Items listed in a dataset

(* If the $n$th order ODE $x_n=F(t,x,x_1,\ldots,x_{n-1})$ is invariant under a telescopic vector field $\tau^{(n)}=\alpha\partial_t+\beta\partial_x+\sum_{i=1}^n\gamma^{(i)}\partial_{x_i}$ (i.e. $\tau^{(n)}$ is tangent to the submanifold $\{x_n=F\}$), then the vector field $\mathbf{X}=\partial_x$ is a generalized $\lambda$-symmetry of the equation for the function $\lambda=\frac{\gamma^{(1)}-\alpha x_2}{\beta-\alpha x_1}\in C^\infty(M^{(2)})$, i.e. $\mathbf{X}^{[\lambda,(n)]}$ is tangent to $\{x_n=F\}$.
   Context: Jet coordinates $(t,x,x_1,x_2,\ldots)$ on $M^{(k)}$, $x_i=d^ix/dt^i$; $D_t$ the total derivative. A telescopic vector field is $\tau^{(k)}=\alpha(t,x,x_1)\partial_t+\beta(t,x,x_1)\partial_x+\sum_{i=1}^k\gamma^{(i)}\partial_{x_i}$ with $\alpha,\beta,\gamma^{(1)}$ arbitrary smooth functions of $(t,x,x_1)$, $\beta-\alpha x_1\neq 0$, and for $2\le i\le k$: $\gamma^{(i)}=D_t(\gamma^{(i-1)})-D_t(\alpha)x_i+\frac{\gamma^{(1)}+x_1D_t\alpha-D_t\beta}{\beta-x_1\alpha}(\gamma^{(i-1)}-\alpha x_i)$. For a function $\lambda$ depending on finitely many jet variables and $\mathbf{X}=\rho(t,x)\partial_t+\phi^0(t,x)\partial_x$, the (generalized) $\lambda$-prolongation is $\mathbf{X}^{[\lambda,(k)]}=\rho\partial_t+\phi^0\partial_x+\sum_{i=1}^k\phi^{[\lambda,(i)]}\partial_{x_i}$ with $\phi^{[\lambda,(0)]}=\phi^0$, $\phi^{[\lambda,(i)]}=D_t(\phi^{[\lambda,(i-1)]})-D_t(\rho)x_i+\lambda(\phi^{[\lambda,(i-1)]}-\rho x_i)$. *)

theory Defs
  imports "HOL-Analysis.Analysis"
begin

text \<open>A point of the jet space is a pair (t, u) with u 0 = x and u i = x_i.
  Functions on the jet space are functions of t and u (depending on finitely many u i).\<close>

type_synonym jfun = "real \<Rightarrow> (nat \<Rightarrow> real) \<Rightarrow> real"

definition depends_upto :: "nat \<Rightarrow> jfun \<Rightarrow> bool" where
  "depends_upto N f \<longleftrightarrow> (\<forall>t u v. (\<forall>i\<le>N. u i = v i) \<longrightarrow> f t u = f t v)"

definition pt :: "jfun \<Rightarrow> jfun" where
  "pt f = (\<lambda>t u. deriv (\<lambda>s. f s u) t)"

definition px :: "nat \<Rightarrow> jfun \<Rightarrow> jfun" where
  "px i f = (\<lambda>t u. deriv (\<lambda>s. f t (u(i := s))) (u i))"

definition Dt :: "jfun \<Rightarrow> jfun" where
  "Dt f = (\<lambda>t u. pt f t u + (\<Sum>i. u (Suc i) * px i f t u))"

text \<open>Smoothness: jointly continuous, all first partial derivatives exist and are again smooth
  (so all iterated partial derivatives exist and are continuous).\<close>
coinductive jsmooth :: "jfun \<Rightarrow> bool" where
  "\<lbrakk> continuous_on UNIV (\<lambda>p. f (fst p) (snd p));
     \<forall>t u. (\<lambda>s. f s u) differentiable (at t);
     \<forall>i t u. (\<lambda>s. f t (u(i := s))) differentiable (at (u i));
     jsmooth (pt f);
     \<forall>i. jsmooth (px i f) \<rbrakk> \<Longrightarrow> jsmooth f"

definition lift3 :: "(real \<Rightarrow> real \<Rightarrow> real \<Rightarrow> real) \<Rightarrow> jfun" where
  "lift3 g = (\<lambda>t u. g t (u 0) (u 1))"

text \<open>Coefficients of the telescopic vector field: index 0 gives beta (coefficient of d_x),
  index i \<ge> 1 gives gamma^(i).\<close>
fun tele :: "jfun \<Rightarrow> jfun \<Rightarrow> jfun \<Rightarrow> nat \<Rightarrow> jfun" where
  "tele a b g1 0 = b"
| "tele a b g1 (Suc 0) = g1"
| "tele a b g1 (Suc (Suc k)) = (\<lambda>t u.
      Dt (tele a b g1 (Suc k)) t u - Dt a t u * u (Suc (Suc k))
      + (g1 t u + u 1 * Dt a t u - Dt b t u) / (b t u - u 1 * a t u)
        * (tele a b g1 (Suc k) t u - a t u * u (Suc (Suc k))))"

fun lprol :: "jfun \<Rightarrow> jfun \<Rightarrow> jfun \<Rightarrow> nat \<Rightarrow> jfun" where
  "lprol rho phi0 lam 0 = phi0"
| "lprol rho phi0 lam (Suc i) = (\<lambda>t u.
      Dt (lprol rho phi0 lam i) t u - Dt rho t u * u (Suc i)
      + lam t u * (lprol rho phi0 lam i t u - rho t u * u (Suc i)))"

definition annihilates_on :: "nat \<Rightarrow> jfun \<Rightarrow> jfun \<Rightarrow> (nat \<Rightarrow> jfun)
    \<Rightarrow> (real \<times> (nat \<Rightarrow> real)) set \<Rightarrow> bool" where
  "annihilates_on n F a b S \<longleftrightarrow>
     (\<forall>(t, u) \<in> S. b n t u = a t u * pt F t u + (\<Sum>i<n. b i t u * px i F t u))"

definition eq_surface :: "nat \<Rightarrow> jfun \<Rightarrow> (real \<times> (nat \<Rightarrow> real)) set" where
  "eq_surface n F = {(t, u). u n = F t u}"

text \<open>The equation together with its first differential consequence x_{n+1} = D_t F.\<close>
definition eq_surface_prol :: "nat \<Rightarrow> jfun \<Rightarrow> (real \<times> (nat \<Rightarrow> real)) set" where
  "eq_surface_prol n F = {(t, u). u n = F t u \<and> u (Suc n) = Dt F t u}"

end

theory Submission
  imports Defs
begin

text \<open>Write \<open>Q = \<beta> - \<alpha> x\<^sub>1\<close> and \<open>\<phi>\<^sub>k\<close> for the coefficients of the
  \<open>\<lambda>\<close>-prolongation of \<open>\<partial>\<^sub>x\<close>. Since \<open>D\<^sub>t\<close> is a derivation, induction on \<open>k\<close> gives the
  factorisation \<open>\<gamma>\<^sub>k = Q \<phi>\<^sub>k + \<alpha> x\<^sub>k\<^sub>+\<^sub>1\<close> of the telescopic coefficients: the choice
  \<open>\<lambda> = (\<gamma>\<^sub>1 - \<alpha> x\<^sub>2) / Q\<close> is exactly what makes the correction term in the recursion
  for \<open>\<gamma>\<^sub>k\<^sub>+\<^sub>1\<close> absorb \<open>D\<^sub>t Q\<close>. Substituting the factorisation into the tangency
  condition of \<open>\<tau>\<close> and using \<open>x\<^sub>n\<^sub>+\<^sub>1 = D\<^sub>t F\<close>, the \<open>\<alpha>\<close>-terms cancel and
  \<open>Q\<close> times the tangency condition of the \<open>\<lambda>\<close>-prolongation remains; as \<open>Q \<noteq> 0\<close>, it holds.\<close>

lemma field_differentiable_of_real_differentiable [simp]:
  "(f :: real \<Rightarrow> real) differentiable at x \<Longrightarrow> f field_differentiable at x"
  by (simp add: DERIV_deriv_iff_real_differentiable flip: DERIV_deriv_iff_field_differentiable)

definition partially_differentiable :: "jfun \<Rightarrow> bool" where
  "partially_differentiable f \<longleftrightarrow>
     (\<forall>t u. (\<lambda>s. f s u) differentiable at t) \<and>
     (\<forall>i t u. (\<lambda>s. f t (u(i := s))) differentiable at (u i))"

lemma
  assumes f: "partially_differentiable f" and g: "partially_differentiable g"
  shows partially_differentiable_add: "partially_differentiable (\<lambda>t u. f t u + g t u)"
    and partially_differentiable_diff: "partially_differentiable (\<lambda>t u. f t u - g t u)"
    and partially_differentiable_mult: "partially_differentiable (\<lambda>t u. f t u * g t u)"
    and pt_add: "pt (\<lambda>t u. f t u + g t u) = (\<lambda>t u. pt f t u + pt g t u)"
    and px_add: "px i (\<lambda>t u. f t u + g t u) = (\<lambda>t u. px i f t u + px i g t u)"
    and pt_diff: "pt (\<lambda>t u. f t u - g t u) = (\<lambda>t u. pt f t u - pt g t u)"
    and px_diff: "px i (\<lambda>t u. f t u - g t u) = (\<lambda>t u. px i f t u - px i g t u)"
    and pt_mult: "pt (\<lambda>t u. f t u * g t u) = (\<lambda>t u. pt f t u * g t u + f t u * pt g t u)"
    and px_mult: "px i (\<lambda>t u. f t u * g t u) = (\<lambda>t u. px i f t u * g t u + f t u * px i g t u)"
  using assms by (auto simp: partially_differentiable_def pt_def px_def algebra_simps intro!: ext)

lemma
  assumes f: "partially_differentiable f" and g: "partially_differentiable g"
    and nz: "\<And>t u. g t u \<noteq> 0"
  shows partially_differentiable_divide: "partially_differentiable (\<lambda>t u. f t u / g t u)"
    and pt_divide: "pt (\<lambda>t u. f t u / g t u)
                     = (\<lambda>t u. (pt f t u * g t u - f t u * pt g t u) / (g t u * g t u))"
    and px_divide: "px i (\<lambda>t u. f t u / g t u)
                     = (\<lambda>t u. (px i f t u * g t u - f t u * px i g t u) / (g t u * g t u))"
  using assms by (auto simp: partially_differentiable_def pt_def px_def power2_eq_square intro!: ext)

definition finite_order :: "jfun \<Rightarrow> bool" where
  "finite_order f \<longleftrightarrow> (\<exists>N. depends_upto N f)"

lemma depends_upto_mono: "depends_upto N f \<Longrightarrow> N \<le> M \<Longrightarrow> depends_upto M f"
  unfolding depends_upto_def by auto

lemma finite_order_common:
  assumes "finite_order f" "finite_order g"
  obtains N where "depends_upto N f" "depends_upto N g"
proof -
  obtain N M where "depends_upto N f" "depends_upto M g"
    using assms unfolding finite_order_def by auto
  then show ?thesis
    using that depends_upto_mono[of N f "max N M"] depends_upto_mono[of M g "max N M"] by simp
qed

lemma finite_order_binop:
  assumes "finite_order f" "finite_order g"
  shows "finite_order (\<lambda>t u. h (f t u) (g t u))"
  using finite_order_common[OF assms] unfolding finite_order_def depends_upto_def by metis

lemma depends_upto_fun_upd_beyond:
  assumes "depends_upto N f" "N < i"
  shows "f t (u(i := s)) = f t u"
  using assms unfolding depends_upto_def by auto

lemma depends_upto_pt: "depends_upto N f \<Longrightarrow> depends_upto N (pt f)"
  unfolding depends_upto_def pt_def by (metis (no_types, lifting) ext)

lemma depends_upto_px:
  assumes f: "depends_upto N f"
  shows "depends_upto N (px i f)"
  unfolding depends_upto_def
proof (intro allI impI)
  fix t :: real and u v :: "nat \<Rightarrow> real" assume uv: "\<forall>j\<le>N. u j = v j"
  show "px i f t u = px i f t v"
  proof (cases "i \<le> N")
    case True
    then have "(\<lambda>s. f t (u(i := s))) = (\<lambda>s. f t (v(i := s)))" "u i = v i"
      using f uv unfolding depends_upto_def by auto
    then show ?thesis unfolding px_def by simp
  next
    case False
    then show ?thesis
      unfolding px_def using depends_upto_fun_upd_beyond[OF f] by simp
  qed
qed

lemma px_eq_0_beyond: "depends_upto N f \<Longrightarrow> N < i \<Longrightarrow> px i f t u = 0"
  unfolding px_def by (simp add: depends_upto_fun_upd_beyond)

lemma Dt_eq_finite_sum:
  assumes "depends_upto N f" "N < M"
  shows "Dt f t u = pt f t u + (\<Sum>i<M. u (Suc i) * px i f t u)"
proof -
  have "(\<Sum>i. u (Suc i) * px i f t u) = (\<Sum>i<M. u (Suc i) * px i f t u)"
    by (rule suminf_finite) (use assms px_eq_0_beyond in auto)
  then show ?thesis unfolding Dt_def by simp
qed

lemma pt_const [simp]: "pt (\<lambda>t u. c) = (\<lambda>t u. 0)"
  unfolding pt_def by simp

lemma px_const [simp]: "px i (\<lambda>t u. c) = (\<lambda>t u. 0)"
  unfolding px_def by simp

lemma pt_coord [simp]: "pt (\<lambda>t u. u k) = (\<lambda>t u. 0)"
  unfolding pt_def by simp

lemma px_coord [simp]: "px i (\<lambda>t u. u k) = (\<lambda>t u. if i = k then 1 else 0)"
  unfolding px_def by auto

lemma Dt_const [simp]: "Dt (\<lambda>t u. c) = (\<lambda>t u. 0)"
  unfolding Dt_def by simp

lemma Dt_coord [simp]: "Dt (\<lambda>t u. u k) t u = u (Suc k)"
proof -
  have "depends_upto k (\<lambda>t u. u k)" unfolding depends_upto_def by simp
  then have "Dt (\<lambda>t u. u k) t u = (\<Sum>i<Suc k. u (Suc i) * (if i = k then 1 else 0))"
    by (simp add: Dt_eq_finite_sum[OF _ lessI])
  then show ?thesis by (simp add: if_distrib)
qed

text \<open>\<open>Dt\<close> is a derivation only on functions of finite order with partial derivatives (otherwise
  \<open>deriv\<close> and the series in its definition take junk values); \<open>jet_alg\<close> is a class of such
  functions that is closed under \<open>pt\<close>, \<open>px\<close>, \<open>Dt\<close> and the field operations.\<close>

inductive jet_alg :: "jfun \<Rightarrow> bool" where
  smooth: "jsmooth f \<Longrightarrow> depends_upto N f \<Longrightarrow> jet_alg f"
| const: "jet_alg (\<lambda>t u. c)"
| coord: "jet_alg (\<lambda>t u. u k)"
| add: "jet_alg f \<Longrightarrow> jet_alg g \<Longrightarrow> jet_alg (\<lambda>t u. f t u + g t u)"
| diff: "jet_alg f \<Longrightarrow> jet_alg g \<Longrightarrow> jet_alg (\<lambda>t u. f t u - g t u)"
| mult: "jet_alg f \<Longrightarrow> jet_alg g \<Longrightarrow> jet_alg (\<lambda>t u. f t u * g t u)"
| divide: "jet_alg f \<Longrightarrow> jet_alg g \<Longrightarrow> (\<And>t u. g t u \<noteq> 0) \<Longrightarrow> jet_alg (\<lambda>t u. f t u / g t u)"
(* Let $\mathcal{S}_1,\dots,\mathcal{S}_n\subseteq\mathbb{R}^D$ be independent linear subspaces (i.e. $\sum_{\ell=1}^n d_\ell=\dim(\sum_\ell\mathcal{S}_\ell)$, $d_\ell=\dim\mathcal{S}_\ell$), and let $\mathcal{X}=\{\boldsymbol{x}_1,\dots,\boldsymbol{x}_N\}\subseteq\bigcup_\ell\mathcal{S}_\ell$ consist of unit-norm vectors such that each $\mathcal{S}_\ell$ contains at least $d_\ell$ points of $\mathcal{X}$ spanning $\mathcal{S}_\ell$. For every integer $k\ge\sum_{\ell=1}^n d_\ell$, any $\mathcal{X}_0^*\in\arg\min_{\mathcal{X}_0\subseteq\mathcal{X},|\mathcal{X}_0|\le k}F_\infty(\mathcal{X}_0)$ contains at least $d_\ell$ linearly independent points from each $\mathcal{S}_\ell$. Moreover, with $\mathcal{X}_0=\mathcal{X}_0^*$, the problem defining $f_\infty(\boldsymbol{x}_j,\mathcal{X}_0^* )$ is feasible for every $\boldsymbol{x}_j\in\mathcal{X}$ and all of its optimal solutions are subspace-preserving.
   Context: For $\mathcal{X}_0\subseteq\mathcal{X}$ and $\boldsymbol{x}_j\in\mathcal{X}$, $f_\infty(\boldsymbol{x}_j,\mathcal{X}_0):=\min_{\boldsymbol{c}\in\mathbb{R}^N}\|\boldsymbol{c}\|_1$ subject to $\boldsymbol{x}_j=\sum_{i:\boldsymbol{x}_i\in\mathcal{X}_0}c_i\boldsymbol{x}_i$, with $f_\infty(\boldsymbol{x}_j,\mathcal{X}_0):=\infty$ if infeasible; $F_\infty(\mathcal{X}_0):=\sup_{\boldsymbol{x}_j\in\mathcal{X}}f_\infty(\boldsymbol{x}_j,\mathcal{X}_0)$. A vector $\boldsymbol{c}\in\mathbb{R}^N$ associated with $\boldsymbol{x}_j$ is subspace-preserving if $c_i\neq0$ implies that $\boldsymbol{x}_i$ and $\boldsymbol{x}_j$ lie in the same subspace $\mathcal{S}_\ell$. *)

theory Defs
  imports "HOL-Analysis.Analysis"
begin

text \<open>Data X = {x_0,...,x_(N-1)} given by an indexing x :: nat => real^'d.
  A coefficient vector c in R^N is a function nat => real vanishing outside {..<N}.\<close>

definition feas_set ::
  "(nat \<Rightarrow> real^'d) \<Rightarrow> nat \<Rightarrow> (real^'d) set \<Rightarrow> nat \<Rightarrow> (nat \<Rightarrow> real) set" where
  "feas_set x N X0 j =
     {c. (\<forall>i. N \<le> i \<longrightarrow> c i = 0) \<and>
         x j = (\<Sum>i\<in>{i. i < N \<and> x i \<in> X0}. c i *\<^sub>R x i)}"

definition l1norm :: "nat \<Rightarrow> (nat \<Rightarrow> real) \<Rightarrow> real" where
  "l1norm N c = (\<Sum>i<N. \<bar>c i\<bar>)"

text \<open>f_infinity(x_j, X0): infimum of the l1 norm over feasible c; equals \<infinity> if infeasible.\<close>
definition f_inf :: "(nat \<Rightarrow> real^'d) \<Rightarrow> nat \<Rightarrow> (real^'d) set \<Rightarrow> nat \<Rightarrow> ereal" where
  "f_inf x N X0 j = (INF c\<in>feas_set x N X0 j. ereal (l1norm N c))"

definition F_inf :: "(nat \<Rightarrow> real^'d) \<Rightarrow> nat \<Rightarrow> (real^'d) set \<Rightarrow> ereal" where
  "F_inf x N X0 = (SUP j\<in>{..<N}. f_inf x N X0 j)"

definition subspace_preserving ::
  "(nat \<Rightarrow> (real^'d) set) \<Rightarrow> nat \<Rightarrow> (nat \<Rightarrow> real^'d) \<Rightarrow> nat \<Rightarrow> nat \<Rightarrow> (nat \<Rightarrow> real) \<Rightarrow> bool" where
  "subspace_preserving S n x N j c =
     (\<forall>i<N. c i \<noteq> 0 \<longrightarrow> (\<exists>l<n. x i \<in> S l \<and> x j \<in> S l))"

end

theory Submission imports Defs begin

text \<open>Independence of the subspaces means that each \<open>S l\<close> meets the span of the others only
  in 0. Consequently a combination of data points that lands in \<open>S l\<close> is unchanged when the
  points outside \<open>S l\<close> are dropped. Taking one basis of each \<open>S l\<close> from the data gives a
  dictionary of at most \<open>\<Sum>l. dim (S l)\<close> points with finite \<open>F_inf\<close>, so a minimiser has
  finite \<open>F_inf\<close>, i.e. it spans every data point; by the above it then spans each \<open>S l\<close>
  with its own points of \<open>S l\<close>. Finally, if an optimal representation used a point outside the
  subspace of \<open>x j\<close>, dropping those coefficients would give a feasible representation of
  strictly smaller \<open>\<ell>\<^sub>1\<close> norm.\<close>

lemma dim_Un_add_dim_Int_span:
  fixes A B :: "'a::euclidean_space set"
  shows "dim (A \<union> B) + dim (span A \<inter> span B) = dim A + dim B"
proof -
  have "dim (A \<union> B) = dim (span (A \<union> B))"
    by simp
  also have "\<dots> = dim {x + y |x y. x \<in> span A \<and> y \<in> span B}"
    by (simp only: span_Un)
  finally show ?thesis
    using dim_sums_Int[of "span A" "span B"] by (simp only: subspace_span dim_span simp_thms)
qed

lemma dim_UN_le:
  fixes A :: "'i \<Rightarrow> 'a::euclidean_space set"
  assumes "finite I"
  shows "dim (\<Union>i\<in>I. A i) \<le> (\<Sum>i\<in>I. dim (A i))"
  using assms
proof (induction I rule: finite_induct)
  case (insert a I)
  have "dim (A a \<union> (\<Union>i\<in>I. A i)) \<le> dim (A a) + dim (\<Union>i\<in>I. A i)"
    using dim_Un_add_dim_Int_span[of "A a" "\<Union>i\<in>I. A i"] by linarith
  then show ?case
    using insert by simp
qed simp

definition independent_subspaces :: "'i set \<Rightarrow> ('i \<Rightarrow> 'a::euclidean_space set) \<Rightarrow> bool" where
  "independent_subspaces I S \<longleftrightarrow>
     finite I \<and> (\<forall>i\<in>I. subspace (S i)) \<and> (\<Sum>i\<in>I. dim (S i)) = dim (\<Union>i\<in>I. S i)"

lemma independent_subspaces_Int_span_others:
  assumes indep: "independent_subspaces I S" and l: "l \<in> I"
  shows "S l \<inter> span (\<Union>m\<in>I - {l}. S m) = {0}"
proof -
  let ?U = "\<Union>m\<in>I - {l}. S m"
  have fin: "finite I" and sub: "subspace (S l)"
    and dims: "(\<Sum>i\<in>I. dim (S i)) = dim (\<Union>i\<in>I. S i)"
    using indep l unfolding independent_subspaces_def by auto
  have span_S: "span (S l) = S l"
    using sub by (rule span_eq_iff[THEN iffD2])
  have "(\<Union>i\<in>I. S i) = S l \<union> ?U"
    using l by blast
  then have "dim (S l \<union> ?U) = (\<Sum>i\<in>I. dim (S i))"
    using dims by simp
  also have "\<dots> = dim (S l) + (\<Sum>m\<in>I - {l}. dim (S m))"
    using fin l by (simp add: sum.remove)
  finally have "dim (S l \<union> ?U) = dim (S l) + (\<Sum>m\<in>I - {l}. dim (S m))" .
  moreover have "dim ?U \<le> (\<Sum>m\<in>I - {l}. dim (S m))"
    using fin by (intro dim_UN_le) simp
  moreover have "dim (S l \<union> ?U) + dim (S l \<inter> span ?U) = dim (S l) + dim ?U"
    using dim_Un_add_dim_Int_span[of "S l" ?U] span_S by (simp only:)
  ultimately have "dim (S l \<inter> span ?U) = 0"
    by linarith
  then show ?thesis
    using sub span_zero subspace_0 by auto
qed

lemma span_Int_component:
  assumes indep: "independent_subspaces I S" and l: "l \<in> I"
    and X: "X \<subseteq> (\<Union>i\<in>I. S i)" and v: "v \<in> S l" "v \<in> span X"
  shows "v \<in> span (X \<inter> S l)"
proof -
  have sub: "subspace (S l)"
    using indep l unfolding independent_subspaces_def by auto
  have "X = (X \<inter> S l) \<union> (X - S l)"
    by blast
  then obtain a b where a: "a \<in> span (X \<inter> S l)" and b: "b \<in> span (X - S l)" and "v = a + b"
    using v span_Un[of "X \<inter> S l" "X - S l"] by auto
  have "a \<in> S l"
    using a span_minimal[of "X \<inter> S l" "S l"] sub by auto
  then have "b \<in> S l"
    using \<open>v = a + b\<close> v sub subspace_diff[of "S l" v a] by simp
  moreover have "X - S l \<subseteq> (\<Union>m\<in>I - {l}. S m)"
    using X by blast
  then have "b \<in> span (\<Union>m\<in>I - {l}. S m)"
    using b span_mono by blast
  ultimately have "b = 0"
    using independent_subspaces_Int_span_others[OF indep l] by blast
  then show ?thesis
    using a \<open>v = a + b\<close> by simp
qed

• **EXERCISE PROMPT**
Copy out each line in the preceding records that contains "infeasible".

• **ANSWER TO THIS TASK**
   Context: For $\mathcal{X}_0\subseteq\mathcal{X}$ and $\boldsymbol{x}_j\in\mathcal{X}$, $f_\infty(\boldsymbol{x}_j,\mathcal{X}_0):=\min_{\boldsymbol{c}\in\mathbb{R}^N}\|\boldsymbol{c}\|_1$ subject to $\boldsymbol{x}_j=\sum_{i:\boldsymbol{x}_i\in\mathcal{X}_0}c_i\boldsymbol{x}_i$, with $f_\infty(\boldsymbol{x}_j,\mathcal{X}_0):=\infty$ if infeasible; $F_\infty(\mathcal{X}_0):=\sup_{\boldsymbol{x}_j\in\mathcal{X}}f_\infty(\boldsymbol{x}_j,\mathcal{X}_0)$. A vector $\boldsymbol{c}\in\mathbb{R}^N$ associated with $\boldsymbol{x}_j$ is subspace-preserving if $c_i\neq0$ implies that $\boldsymbol{x}_i$ and $\boldsymbol{x}_j$ lie in the same subspace $\mathcal{S}_\ell$. *)
text \<open>f_infinity(x_j, X0): infimum of the l1 norm over feasible c; equals \<infinity> if infeasible.\<close>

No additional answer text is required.